One week after the announcement that the rivalry between Indiana and Kentucky will go on hiatus for the foreseeable future, the Hoosiers apparently made a failed last-ditch effort to reach a compromise to preserve the series.

Kentucky rejected a May 10 proposal from Indiana suggesting two years of neutral-court games and two years of games on campus sites, according to a letter from Indiana athletic director Fred Glass to Kentucky athletic director Mitch Barnhart. The Bloomington Herald-Leader obtained the letter Wednesday via a public records request.

"Indiana was willing to reach out and propose a compromise to play series' games on a neutral court so it could facilitate a game in Bloomington (and Lexington) during the normal four-year cycle of a college student," Glass wrote. "Unfortunately Kentucky's refusal to consider anything other than a two-year neutral site only contract based on your new 'non-traditional' scheduling philosophy has doomed a series that should be bigger than that."

What this latest revelation suggests is the rivalry is more important to Indiana than it is to Kentucky at this point. Both traditional powers will survive and even thrive without facing each other on an annual basis, but Indiana was far more willing to compromise than their counterparts.

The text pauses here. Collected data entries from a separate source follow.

(* Let $n,m,p\ge1$, let $A:\mathbb{R}^p\to\mathbb{R}^{n\times n}$, $B:\mathbb{R}^p\to\mathbb{R}^{n\times m}$ be known affine functions, and let $Q\in\mathbb{R}^{n\times n}$, $R\in\mathbb{R}^{m\times m}$ be symmetric positive definite. Consider the system $$x_{k+1}=A(\theta_k)x_k+B(\theta_k)u_k+w_k,\qquad k\in\mathbb{N},$$ with state $x_k\in\mathbb{R}^n$, input $u_k\in\mathbb{R}^m$, disturbance $w_k\in\mathbb{R}^n$ and time-varying parameter $\theta_k\in\mathbb{R}^p$. Assume: (i) there is $\bar W\ge0$ with $\|w_k\|\le\bar W$ for all $k$; (ii) there is a known compact convex set $\Theta\subset\mathbb{R}^p$ with $\theta_k\in\Theta$ for all $k$, such that $(A(\theta),B(\theta))$ is stabilizable for every $\theta\in\Theta$. Let $\mu>0$ and let $\{\hat\theta_k\}\subset\Theta$ be any sequence of parameter estimates, and apply the certainty-equivalent LQR input $u_k=K_{\mathrm{LQR}}(\hat\theta_k)x_k$. Define the nominal prediction $\hat x_{1|k}=A(\hat\theta_k)x_k+B(\hat\theta_k)u_k$ and prediction error $e_{1|k}=x_{k+1}-\hat x_{1|k}-w_k$. Suppose that the estimates satisfy $$\|\hat\theta_{k+1}-\hat\theta_k\|\le\sqrt{\mu}\,\|e_{1|k}+w_k\|\quad\text{for all }k\in\mathbb{N},$$ and that the state is uniformly bounded: $\|x_k\|\le X$ for all $k\in\mathbb{N}$, for some $X>0$. Then there exist constants $\alpha,\beta,\gamma>0$ such that, with $V(x,\theta)=x^\top P(\theta)x$, $$V(x_{k+1},\hat\theta_{k+1})-V(x_k,\hat\theta_k)\le-\alpha\|x_k\|^2+\beta\|e_{1|k}\|^2+\gamma\|w_k\|^2\quad\text{for all }k\in\mathbb{N}.$$
   Context: For $\theta\in\Theta$, $P(\theta)$ denotes the unique positive definite solution of the discrete-time algebraic Riccati equation $P = A(\theta)^\top P A(\theta) - A(\theta)^\top P B(\theta)(R+B(\theta)^\top P B(\theta))^{-1}B(\theta)^\top P A(\theta) + Q$, and $K_{\mathrm{LQR}}(\theta) = -(R+B(\theta)^\top P(\theta)B(\theta))^{-1}B(\theta)^\top P(\theta)A(\theta)$ is the corresponding LQR gain. $\|\cdot\|$ is the Euclidean norm on vectors and the spectral norm on matrices; $\mathbb{N}=\{0,1,2,\dots\}$. *)

theory Defs
  imports "HOL-Analysis.Analysis"
begin

primrec mat_pow :: "real^'n^'n \<Rightarrow> nat \<Rightarrow> real^'n^'n" where
  "mat_pow M 0 = mat 1"
| "mat_pow M (Suc k) = M ** mat_pow M k"

text \<open>Schur stability (all eigenvalues strictly inside the unit disc), expressed through
  the standard characterisation that the powers of the matrix converge to zero.\<close>
definition schur_stable :: "real^'n^'n \<Rightarrow> bool" where
  "schur_stable M \<longleftrightarrow> (\<lambda>k. mat_pow M k) \<longlonglongrightarrow> 0"

definition stabilizable :: "real^'n^'n \<Rightarrow> real^'m^'n \<Rightarrow> bool" where
  "stabilizable A B \<longleftrightarrow> (\<exists>K :: real^'n^'m. schur_stable (A + B ** K))"

definition sym_posdef :: "real^'n^'n \<Rightarrow> bool" where
  "sym_posdef M \<longleftrightarrow> transpose M = M \<and> (\<forall>x. x \<noteq> 0 \<longrightarrow> x \<bullet> (M *v x) > 0)"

Indiana offered to play half the games on a neutral court and to rearrange its schedule or even pay to cancel a previously planned game on Kentucky's slate to make sure next year's game could be played. Kentucky, however, refused to budge, insisting it would agree on nothing besides two years of neutral-site games.

"We currently do not have any agreements with more than two years remaining and would like to maintain the current flexibility of our future scheduling," Barnhart responded via a statement Wednesday. "If we entered into a four-year deal with Indiana, including the last two years at campus sites, not only would that alter our flexibility but it would also mean that we would have to end our home-and-home series with Louisville in order to keep our nonconference road schedule balanced. We are not interested in doing that."

The unfortunate takeaway from this public sniping is that it makes it much more unlikely the two sides reach a resolution in the near future.

Forget salvaging next year's game. That's clearly a lost cause at this point. This series could be on hiatus for years barring a leadership change on either side.

The worst part is the timing could not be worse.

At a time when conference realignment is already robbing college basketball of some of its premier rivalries, it's a blow to the health of the sport when two of its top programs can't figure out a way to compromise. Kentucky and Indiana will be two of the top programs in the nation the next few years, so it's sad to see a potential showcase game revered by fans of both sides be discarded so carelessly.